### DATASET ENTRIES

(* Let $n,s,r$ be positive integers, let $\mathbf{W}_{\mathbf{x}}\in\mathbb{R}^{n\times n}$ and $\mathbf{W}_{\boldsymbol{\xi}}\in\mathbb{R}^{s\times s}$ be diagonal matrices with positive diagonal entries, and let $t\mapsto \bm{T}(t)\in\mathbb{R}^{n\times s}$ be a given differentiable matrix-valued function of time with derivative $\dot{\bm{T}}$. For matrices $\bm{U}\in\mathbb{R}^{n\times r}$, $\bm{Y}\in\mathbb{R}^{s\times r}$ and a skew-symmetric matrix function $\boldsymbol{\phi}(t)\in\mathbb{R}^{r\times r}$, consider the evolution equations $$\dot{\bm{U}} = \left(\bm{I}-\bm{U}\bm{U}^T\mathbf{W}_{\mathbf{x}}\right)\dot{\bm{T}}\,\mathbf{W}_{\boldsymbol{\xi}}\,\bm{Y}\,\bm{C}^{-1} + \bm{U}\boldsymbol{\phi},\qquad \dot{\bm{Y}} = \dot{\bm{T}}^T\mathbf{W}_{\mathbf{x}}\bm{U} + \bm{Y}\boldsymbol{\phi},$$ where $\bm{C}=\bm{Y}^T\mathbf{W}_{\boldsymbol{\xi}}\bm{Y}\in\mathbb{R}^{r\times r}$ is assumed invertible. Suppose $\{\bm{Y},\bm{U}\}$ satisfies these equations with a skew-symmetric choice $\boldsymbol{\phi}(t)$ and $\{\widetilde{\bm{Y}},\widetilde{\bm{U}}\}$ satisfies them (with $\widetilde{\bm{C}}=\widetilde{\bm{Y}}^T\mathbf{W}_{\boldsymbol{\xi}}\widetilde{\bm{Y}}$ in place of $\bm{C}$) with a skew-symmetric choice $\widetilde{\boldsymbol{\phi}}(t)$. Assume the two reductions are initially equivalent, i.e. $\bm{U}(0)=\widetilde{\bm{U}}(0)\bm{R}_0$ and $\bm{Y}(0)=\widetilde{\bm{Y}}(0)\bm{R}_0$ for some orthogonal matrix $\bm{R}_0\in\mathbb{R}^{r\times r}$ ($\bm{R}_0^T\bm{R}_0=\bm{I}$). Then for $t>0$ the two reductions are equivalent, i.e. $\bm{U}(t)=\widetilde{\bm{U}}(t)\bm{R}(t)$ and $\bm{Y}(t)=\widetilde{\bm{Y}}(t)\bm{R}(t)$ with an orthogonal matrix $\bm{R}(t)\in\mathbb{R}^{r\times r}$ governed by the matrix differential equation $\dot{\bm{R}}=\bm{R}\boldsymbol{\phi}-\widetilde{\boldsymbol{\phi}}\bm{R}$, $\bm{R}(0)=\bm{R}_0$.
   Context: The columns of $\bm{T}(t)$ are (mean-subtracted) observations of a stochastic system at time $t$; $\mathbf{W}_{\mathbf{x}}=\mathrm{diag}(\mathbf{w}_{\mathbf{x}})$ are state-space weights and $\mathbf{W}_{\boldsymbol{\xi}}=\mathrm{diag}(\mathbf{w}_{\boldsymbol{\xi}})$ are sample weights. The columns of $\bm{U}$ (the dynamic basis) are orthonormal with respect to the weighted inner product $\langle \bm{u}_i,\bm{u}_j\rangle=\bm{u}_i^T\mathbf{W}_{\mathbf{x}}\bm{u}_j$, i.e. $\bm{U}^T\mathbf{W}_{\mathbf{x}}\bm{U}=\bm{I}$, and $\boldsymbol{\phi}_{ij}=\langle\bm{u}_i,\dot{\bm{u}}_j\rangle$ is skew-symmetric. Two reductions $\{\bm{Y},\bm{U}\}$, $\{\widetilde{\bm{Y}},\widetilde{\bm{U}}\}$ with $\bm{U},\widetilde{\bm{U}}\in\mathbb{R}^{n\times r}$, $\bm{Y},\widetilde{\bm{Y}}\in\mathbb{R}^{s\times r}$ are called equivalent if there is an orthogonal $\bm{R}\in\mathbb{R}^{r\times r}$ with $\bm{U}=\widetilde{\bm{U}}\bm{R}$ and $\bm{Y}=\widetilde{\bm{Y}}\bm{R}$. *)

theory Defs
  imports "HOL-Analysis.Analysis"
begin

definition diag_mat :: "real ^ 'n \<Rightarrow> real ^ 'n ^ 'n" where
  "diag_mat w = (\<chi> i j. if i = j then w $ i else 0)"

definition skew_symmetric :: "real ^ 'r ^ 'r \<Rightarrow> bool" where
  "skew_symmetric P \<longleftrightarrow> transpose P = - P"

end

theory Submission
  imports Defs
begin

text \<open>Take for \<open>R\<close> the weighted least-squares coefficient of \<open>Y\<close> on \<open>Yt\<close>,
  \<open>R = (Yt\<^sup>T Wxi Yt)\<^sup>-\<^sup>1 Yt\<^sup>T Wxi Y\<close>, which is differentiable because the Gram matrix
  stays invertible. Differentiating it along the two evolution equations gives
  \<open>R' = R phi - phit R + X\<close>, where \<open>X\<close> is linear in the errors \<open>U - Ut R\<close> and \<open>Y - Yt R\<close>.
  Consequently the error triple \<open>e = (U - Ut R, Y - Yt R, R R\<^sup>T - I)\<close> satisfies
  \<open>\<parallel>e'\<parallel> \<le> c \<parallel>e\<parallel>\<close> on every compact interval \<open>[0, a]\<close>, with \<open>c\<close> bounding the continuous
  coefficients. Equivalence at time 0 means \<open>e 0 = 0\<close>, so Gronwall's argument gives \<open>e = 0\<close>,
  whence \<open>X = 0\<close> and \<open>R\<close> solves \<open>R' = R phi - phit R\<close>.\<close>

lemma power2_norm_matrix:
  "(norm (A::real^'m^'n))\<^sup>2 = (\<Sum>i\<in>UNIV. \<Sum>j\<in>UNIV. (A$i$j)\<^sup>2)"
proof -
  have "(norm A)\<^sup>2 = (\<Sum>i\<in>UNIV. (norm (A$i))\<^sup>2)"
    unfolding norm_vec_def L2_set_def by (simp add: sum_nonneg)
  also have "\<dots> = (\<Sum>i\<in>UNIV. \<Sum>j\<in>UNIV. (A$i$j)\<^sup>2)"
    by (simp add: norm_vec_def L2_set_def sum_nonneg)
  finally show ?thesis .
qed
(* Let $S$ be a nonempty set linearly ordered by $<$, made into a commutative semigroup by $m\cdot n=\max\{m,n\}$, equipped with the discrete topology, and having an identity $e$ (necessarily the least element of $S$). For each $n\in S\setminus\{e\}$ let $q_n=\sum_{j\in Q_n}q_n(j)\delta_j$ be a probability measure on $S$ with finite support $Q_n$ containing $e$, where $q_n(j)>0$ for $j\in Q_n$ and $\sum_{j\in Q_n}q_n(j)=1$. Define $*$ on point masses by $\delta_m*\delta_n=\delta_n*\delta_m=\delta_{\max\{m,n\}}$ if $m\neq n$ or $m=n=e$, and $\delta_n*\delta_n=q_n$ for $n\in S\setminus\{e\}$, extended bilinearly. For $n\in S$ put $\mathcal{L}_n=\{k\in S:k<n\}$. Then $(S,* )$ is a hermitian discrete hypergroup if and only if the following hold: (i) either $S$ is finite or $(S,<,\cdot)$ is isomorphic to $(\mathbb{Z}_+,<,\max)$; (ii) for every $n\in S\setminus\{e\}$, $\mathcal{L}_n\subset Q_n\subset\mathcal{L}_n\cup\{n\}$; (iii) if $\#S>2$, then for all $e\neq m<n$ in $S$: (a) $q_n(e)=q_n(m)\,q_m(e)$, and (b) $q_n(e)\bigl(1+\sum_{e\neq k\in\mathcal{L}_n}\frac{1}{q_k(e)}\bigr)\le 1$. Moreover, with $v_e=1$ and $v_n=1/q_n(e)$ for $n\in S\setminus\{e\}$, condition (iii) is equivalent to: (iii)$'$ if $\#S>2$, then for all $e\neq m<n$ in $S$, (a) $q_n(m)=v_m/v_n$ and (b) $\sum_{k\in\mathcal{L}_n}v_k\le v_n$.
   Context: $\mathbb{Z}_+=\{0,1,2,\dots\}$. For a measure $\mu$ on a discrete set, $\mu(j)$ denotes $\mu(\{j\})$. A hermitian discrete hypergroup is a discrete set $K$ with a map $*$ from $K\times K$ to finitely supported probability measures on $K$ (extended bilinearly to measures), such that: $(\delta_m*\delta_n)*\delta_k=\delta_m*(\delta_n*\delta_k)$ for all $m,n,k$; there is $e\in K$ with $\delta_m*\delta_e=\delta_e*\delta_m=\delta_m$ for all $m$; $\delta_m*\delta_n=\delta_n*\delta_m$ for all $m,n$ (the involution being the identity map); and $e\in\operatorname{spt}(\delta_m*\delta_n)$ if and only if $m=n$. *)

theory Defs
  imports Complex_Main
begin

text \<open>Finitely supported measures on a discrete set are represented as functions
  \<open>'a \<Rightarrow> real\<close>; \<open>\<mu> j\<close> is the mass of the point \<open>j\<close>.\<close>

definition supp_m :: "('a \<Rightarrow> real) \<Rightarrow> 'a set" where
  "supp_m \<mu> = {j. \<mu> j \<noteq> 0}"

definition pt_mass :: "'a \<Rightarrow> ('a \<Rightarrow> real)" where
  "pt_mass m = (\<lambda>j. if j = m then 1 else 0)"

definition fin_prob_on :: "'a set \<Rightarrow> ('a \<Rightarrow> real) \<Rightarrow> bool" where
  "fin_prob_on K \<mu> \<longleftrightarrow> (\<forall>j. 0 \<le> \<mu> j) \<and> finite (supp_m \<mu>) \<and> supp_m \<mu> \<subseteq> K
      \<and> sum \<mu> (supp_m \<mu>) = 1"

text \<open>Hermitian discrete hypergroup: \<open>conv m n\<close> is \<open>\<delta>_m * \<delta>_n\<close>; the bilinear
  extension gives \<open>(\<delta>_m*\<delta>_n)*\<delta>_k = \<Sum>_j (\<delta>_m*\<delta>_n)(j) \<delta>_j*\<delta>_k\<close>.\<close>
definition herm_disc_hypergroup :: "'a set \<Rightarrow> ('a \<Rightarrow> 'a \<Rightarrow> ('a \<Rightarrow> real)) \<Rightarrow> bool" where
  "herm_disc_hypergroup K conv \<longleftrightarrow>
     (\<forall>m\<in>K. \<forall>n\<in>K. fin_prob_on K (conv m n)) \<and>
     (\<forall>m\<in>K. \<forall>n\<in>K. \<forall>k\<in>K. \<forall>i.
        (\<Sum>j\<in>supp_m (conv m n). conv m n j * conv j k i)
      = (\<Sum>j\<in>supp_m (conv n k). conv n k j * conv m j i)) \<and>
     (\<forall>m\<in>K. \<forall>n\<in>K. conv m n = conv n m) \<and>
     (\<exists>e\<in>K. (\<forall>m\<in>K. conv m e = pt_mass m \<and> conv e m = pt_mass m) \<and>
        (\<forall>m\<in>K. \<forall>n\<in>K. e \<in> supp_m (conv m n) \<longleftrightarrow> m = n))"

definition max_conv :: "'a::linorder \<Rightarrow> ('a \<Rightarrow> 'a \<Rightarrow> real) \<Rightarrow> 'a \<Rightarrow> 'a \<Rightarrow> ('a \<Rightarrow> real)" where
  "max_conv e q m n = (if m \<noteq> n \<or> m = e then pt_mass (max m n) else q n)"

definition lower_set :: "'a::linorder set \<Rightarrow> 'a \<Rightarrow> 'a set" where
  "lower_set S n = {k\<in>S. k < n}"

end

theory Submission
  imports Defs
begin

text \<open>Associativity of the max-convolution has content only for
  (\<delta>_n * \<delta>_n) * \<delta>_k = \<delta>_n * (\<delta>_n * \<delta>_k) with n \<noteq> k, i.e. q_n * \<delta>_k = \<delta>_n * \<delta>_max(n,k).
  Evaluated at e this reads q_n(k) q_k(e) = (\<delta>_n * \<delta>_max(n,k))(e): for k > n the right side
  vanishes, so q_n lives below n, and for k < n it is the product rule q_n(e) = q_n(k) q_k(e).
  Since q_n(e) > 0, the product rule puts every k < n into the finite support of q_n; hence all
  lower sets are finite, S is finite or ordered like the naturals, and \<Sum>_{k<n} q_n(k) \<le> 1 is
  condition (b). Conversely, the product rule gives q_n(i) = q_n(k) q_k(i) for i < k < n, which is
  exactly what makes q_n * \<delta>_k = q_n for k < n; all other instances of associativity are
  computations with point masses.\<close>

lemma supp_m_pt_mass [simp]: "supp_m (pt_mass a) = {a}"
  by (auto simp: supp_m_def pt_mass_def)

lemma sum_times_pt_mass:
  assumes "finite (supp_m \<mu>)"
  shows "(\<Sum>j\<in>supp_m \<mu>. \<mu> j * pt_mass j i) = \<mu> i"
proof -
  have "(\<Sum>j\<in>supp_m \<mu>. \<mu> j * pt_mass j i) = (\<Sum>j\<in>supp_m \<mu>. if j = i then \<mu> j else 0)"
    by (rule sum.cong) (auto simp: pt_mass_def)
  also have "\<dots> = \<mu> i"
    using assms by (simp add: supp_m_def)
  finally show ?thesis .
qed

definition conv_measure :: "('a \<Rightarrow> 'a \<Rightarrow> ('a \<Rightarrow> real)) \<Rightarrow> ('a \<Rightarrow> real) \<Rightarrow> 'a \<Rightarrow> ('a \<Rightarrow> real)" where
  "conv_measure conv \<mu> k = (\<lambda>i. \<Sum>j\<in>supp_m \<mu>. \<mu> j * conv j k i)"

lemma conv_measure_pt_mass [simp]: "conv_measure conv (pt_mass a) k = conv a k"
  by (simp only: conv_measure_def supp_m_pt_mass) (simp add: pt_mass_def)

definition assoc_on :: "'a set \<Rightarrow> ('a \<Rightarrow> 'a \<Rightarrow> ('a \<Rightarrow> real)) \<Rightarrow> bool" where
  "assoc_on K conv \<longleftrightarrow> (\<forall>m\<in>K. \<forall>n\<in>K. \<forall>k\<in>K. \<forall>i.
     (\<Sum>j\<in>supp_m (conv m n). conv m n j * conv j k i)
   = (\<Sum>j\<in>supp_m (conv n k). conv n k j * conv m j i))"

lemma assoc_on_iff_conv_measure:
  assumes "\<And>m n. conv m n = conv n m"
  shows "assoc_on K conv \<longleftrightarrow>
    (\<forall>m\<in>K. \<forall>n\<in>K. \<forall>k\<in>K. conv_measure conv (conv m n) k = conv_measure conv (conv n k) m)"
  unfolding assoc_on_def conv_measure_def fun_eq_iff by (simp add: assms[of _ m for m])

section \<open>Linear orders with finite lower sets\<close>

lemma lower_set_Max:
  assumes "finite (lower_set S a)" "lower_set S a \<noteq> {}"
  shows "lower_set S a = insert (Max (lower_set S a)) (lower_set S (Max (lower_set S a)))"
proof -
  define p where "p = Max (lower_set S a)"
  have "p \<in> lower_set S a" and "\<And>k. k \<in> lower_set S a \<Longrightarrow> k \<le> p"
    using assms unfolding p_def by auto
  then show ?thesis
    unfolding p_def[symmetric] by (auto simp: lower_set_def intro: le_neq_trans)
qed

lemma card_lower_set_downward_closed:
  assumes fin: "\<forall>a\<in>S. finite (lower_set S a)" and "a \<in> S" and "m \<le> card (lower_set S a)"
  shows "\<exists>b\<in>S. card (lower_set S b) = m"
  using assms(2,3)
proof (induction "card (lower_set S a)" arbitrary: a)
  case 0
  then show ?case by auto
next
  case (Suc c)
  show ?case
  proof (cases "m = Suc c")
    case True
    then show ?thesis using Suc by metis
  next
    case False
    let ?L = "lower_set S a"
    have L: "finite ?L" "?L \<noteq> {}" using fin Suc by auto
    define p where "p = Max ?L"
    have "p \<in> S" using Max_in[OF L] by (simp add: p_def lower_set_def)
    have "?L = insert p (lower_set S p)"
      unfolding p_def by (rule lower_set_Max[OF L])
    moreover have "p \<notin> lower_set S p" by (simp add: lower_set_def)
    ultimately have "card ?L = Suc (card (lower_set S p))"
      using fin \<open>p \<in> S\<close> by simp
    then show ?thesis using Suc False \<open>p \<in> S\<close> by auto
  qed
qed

######

[EXERCISE DIRECTIONS]: After locating the line holding "m = (\<lambda>j." above, output exactly that line and every line after it through the line holding "text \<open>Hermitian discrete". Include nothing else.

[RESPONSE TO THIS EXERCISE]:
  "pt_mass m = (\<lambda>j. if j = m then 1 else 0)"

definition fin_prob_on :: "'a set \<Rightarrow> ('a \<Rightarrow> real) \<Rightarrow> bool" where
  "fin_prob_on K \<mu> \<longleftrightarrow> (\<forall>j. 0 \<le> \<mu> j) \<and> finite (supp_m \<mu>) \<and> supp_m \<mu> \<subseteq> K
      \<and> sum \<mu> (supp_m \<mu>) = 1"

text \<open>Hermitian discrete hypergroup: \<open>conv m n\<close> is \<open>\<delta>_m * \<delta>_n\<close>; the bilinear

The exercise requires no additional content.